Do any lines in the data below contain "longleftrightarrow"? If so, copy every one of them.

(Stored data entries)
+++

(* Let $t\in[0,1]$, assume $\rho_\theta(\cdot,t)$ dominates $\rho_\ast(\cdot,t)$, and let $F:\mathbb{R}^D\to\mathbb{R}$ be integrable with respect to $\rho_\ast(\cdot,t)$. Let $x_0^{(1)},x_0^{(2)},\dots$ be i.i.d. samples from $\mu$ and $$F_N(t):=\sum_{i=1}^N w_i(t)\,F\big(x(t;x_0^{(i)})\big),\qquad w_i(t):=\frac{\tilde w(t;x_0^{(i)})}{\sum_{j=1}^N\tilde w(t;x_0^{(j)})}.$$ Then $F_N(t)\to\mathbb{E}_{x'\sim\rho_\ast(\cdot,t)}[F(x')]$ in probability as $N\to\infty$. In particular (Corollary 1), if $\partial_t\log\tilde\rho_\ast(\cdot,t)$ is integrable with respect to $\rho_\ast(\cdot,t)$, then $\sum_{i=1}^N w_i(t)\,\partial_t\log\tilde\rho_\ast(x(t;x_0^{(i)}),t)\to\mathbb{E}_{x'\sim\rho_\ast(\cdot,t)}[\partial_t\log\tilde\rho_\ast(x',t)]$ in probability.
   Context: Let $D\ge1$. Let $\tilde\rho_\ast:\mathbb{R}^D\times[0,1]\to(0,\infty)$ be a smooth unnormalized time-dependent density with $\mathcal{Z}(t):=\int\tilde\rho_\ast(x,t)\,dx<\infty$, $\rho_\ast(x,t):=\tilde\rho_\ast(x,t)/\mathcal{Z}(t)$, and with $\tilde\rho_\ast(\cdot,0)=\mu$ a normalized probability density. Score: $S_\ast(x,t):=\nabla_x\log\tilde\rho_\ast(x,t)$. Define $g(x,t):=\partial_t\log\tilde\rho_\ast(x,t)-\mathbb{E}_{x'\sim\rho_\ast(\cdot,t)}[\partial_t\log\tilde\rho_\ast(x',t)]$. Let $v_\theta:\mathbb{R}^D\times[0,1]\to\mathbb{R}^D$ be a smooth velocity field, globally Lipschitz in $x$. For $x_0\in\mathbb{R}^D$, let $x(t;x_0)$ denote the solution of $\dot x(t)=v_\theta(x(t),t)$, $x(0)=x_0$. Let $\rho_\theta(\cdot,t)$ be the solution of $\partial_t\rho_\theta=-\nabla_x\cdot(v_\theta\rho_\theta)$, $\rho_\theta(\cdot,0)=\mu$ (the density of $x(t;x_0)$ for $x_0\sim\mu$). Define $\varepsilon(x,t):=\nabla_x\cdot v_\theta(x,t)+S_\ast(x,t)\cdot v_\theta(x,t)+g(x,t)$ and $\tilde w(t;x_0):=\exp\!\big(\int_0^t\varepsilon(x(s;x_0),s)\,ds\big)$. "$\rho_\theta(\cdot,t)$ dominates $\rho_\ast(\cdot,t)$" means $\rho_\theta(x,t)>0$ whenever $\rho_\ast(x,t)>0$. *)

theory Defs
  imports "HOL-Probability.Probability"
begin

text \<open>Iterated partial derivatives along basis directions, taken within the set S
  (S = R^D x [0,1] has nonempty interior and is convex, so these are unique).\<close>
fun iter_partial :: "'a::euclidean_space set \<Rightarrow> 'a list \<Rightarrow> ('a \<Rightarrow> 'b::real_normed_vector) \<Rightarrow> 'a \<Rightarrow> 'b" where
  "iter_partial S [] f = f"
| "iter_partial S (u # us) f = (\<lambda>x. frechet_derivative (iter_partial S us f) (at x within S) u)"

definition smooth_on :: "'a::euclidean_space set \<Rightarrow> ('a \<Rightarrow> 'b::real_normed_vector) \<Rightarrow> bool" where
  "smooth_on S f \<longleftrightarrow>
     (\<forall>us. set us \<subseteq> Basis \<longrightarrow> (\<forall>x\<in>S. iter_partial S us f differentiable (at x within S)))"

definition grad :: "('a::euclidean_space \<Rightarrow> real) \<Rightarrow> 'a \<Rightarrow> 'a" where
  "grad f x = (\<Sum>b\<in>Basis. frechet_derivative f (at x) b *\<^sub>R b)"

definition divergence :: "('a::euclidean_space \<Rightarrow> 'a) \<Rightarrow> 'a \<Rightarrow> real" where
  "divergence F x = (\<Sum>b\<in>Basis. frechet_derivative F (at x) b \<bullet> b)"

definition partial_t :: "('a \<Rightarrow> real \<Rightarrow> real) \<Rightarrow> 'a \<Rightarrow> real \<Rightarrow> real" where
  "partial_t f x t = vector_derivative (\<lambda>s. f x s) (at t within {0..1})"

definition Zc :: "('a::euclidean_space \<Rightarrow> real \<Rightarrow> real) \<Rightarrow> real \<Rightarrow> real" where
  "Zc rho t = (\<integral>x. rho x t \<partial>lborel)"

definition rho_star :: "('a::euclidean_space \<Rightarrow> real \<Rightarrow> real) \<Rightarrow> 'a \<Rightarrow> real \<Rightarrow> real" where
  "rho_star rho x t = rho x t / Zc rho t"

definition star_measure :: "('a::euclidean_space \<Rightarrow> real \<Rightarrow> real) \<Rightarrow> real \<Rightarrow> 'a measure" where
  "star_measure rho t = density lborel (\<lambda>x. ennreal (rho_star rho x t))"

definition score :: "('a::euclidean_space \<Rightarrow> real \<Rightarrow> real) \<Rightarrow> 'a \<Rightarrow> real \<Rightarrow> 'a" where
  "score rho x t = grad (\<lambda>y. ln (rho y t)) x"

definition gfun :: "('a::euclidean_space \<Rightarrow> real \<Rightarrow> real) \<Rightarrow> 'a \<Rightarrow> real \<Rightarrow> real" where
  "gfun rho x t = partial_t (\<lambda>y s. ln (rho y s)) x t
      - (\<integral>y. partial_t (\<lambda>y s. ln (rho y s)) y t \<partial>star_measure rho t)"

definition epsf :: "('a::euclidean_space \<Rightarrow> real \<Rightarrow> real) \<Rightarrow> ('a \<Rightarrow> real \<Rightarrow> 'a) \<Rightarrow> 'a \<Rightarrow> real \<Rightarrow> real" where
  "epsf rho v x t = divergence (\<lambda>y. v y t) x + score rho x t \<bullet> v x t + gfun rho x t"

text \<open>Unnormalised weight w_tilde(t;x0) = exp(int_0^t epsilon(x(s;x0),s) ds),
  where X x0 s is the flow x(s;x0).\<close>
definition wtilde :: "('a::euclidean_space \<Rightarrow> real \<Rightarrow> real) \<Rightarrow> ('a \<Rightarrow> real \<Rightarrow> 'a)
      \<Rightarrow> ('a \<Rightarrow> real \<Rightarrow> 'a) \<Rightarrow> real \<Rightarrow> 'a \<Rightarrow> real" where
  "wtilde rho v X t x0 = exp (integral {0..t} (\<lambda>s. epsf rho v (X x0 s) s))"

definition estimator :: "('a::euclidean_space \<Rightarrow> real \<Rightarrow> real) \<Rightarrow> ('a \<Rightarrow> real \<Rightarrow> 'a)
      \<Rightarrow> ('a \<Rightarrow> real \<Rightarrow> 'a) \<Rightarrow> real \<Rightarrow> ('a \<Rightarrow> real) \<Rightarrow> (nat \<Rightarrow> 'a) \<Rightarrow> nat \<Rightarrow> real" where
  "estimator rho v X t F xs N =
     (\<Sum>i<N. (wtilde rho v X t (xs i) / (\<Sum>j<N. wtilde rho v X t (xs j))) * F (X (xs i) t))"

definition conv_in_prob :: "'w measure \<Rightarrow> (nat \<Rightarrow> 'w \<Rightarrow> real) \<Rightarrow> real \<Rightarrow> bool" where
  "conv_in_prob M Y c \<longleftrightarrow>
     (\<forall>n. Y n \<in> borel_measurable M) \<and>
     (\<forall>e>0. (\<lambda>n. measure M {\<omega>\<in>space M. \<bar>Y n \<omega> - c\<bar> > e}) \<longlonglongrightarrow> 0)"

end

theory Submission
  imports Defs
begin

text \<open>Along a trajectory \<open>\<gamma>\<close> of the flow, the continuity equation turns into
  \<open>d/ds log \<rho>\<^sub>\<theta>(\<gamma> s, s) = - div v\<close>, while
  \<open>d/ds log \<rho>\<^sub>*(\<gamma> s, s) = S\<^sub>* \<cdot> v + \<partial>\<^sub>t log \<rho>\<^sub>*\<close>. Hence the logarithm of \<open>\<rho>\<^sub>*/\<rho>\<^sub>\<theta>\<close> along the
  trajectory has derivative \<open>\<epsilon>\<close> plus a term depending on time only, so the unnormalised weight
  \<open>w(t; x\<^sub>0)\<close> equals \<open>C \<rho>\<^sub>*(X, t) / \<rho>\<^sub>\<theta>(X, t)\<close> at \<open>X = x(t; x\<^sub>0)\<close>, with a constant \<open>C > 0\<close>.
  The estimator is therefore self-normalised importance sampling of \<open>\<rho>\<^sub>*\<close> with i.i.d. proposals
  \<open>X\<^sub>i \<sim> \<rho>\<^sub>\<theta>\<close>: numerator and denominator are empirical means which converge in probability
  by the weak law of large numbers, and so does their quotient.\<close>

section \<open>Convergence in probability\<close>

definition clip :: "real \<Rightarrow> real \<Rightarrow> real" where
  "clip K x = max (-K) (min K x)"

lemma borel_measurable_clip [measurable]: "clip K \<in> borel_measurable borel"
  unfolding clip_def by measurable

lemma abs_clip_le: "K \<ge> 0 \<Longrightarrow> \<bar>clip K x\<bar> \<le> K"
  unfolding clip_def by auto

lemma abs_diff_clip_le: "K \<ge> 0 \<Longrightarrow> \<bar>x - clip K x\<bar> \<le> \<bar>x\<bar>"
  unfolding clip_def by auto

lemma distr_comp_eq:
  assumes [measurable]: "X \<in> measurable M N" "Y \<in> measurable M N" "g \<in> measurable N L"
    and eq: "distr M N X = distr M N Y"
  shows "distr M L (\<lambda>\<omega>. g (X \<omega>)) = distr M L (\<lambda>\<omega>. g (Y \<omega>))"
proof -
  have "distr M L (\<lambda>\<omega>. g (X \<omega>)) = distr (distr M N X) L g"
    by (subst distr_distr) (auto simp: comp_def)
  also have "\<dots> = distr M L (\<lambda>\<omega>. g (Y \<omega>))"
    unfolding eq by (subst distr_distr) (auto simp: comp_def)
  finally show ?thesis .
qed

lemma (in prob_space) integral_eq_if_distr_eq:
  fixes X Y :: "'a \<Rightarrow> real" and g :: "real \<Rightarrow> real"
  assumes [measurable]: "X \<in> borel_measurable M" "Y \<in> borel_measurable M" "g \<in> borel_measurable borel"
    and eq: "distr M borel X = distr M borel Y"
    and int: "integrable M (\<lambda>\<omega>. g (Y \<omega>))"
  shows "integrable M (\<lambda>\<omega>. g (X \<omega>))" "(\<integral>\<omega>. g (X \<omega>) \<partial>M) = (\<integral>\<omega>. g (Y \<omega>) \<partial>M)"
proof -
  have "integrable (distr M borel Y) g"
    using int by (simp add: integrable_distr_eq)
  then show "integrable M (\<lambda>\<omega>. g (X \<omega>))"
    by (simp add: integrable_distr_eq flip: eq)
  have "(\<integral>\<omega>. g (X \<omega>) \<partial>M) = (\<integral>x. g x \<partial>distr M borel X)"
    by (simp add: integral_distr)
  also have "\<dots> = (\<integral>\<omega>. g (Y \<omega>) \<partial>M)"
    unfolding eq by (simp add: integral_distr)
  finally show "(\<integral>\<omega>. g (X \<omega>) \<partial>M) = (\<integral>\<omega>. g (Y \<omega>) \<partial>M)" .
qed

lemma (in prob_space) integral_abs_diff_clip_tendsto_0:
  fixes Y :: "'a \<Rightarrow> real"
  assumes int: "integrable M Y"
  shows "(\<lambda>n. \<integral>\<omega>. \<bar>Y \<omega> - clip (real n) (Y \<omega>)\<bar> \<partial>M) \<longlonglongrightarrow> 0"
proof -
  have [measurable]: "Y \<in> borel_measurable M" using int by auto
  have "(\<lambda>n. \<integral>\<omega>. \<bar>Y \<omega> - clip (real n) (Y \<omega>)\<bar> \<partial>M) \<longlonglongrightarrow> (\<integral>\<omega>. 0 \<partial>M)"
  proof (rule integral_dominated_convergence[where w = "\<lambda>\<omega>. \<bar>Y \<omega>\<bar>"])
    show "AE \<omega> in M. (\<lambda>n. \<bar>Y \<omega> - clip (real n) (Y \<omega>)\<bar>) \<longlonglongrightarrow> 0"
    proof (rule AE_I2)
      fix \<omega>
      obtain N :: nat where N: "\<bar>Y \<omega>\<bar> \<le> real N" using real_arch_simple by blast
      have "eventually (\<lambda>n. \<bar>Y \<omega> - clip (real n) (Y \<omega>)\<bar> = 0) sequentially"
        using eventually_ge_at_top[of N] by eventually_elim (use N in \<open>auto simp: clip_def\<close>)
      then show "(\<lambda>n. \<bar>Y \<omega> - clip (real n) (Y \<omega>)\<bar>) \<longlonglongrightarrow> 0"
        by (rule tendsto_eventually)
    qed
    show "integrable M (\<lambda>\<omega>. \<bar>Y \<omega>\<bar>)"
      using int by auto
    show "AE \<omega> in M. norm \<bar>Y \<omega> - clip (real n) (Y \<omega>)\<bar> \<le> \<bar>Y \<omega>\<bar>" for n
      by (auto intro!: abs_diff_clip_le)
  qed measurable
  then show ?thesis by simp
qed

lemma (in prob_space) prob_mean_abs_ge_le:
  fixes R :: "nat \<Rightarrow> 'a \<Rightarrow> real"
  assumes [measurable]: "\<And>i. R i \<in> borel_measurable M"
    and ident: "\<And>i. distr M borel (R i) = distr M borel (R 0)"
    and int: "integrable M (R 0)"
    and c: "c > 0"
  shows "prob {\<omega>\<in>space M. (\<Sum>i<n. \<bar>R i \<omega>\<bar>) / real n \<ge> c} \<le> expectation (\<lambda>\<omega>. \<bar>R 0 \<omega>\<bar>) / c"
proof -
  have int_abs: "integrable M (\<lambda>\<omega>. \<bar>R i \<omega>\<bar>)"
    and E_abs: "expectation (\<lambda>\<omega>. \<bar>R i \<omega>\<bar>) = expectation (\<lambda>\<omega>. \<bar>R 0 \<omega>\<bar>)" for i
    using integral_eq_if_distr_eq[of "R i" "R 0" abs, OF _ _ _ ident] int by auto
  have int_mean: "integrable M (\<lambda>\<omega>. (\<Sum>i<n. \<bar>R i \<omega>\<bar>) / real n)"
    using int_abs by auto
  have mean: "expectation (\<lambda>\<omega>. (\<Sum>i<n. \<bar>R i \<omega>\<bar>) / real n) \<le> expectation (\<lambda>\<omega>. \<bar>R 0 \<omega>\<bar>)"
  proof (cases "n = 0")
    case False
    have "expectation (\<lambda>\<omega>. (\<Sum>i<n. \<bar>R i \<omega>\<bar>) / real n) = (\<Sum>i<n. expectation (\<lambda>\<omega>. \<bar>R i \<omega>\<bar>)) / real n"
      using int_abs by (simp add: Bochner_Integration.integral_sum)
    also have "(\<Sum>i<n. expectation (\<lambda>\<omega>. \<bar>R i \<omega>\<bar>)) = (\<Sum>i<n. expectation (\<lambda>\<omega>. \<bar>R 0 \<omega>\<bar>))"
      by (rule sum.cong[OF refl E_abs])
    also have "\<dots> / real n = expectation (\<lambda>\<omega>. \<bar>R 0 \<omega>\<bar>)"
      using False by simp
    finally show ?thesis by simp
  qed (simp add: integral_nonneg_AE)
  have "prob {\<omega>\<in>space M. (\<Sum>i<n. \<bar>R i \<omega>\<bar>) / real n \<ge> c}
      \<le> expectation (\<lambda>\<omega>. (\<Sum>i<n. \<bar>R i \<omega>\<bar>) / real n) / c"
    by (rule integral_Markov_inequality_measure[OF int_mean, where A = "space M"]) (use c in auto)
  also have "\<dots> \<le> expectation (\<lambda>\<omega>. \<bar>R 0 \<omega>\<bar>) / c"
    using mean c by (intro divide_right_mono) auto
  finally show ?thesis .
qed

+++

*RESPONSE TO THE TASK*
  "smooth_on S f \<longleftrightarrow>
  "conv_in_prob M Y c \<longleftrightarrow>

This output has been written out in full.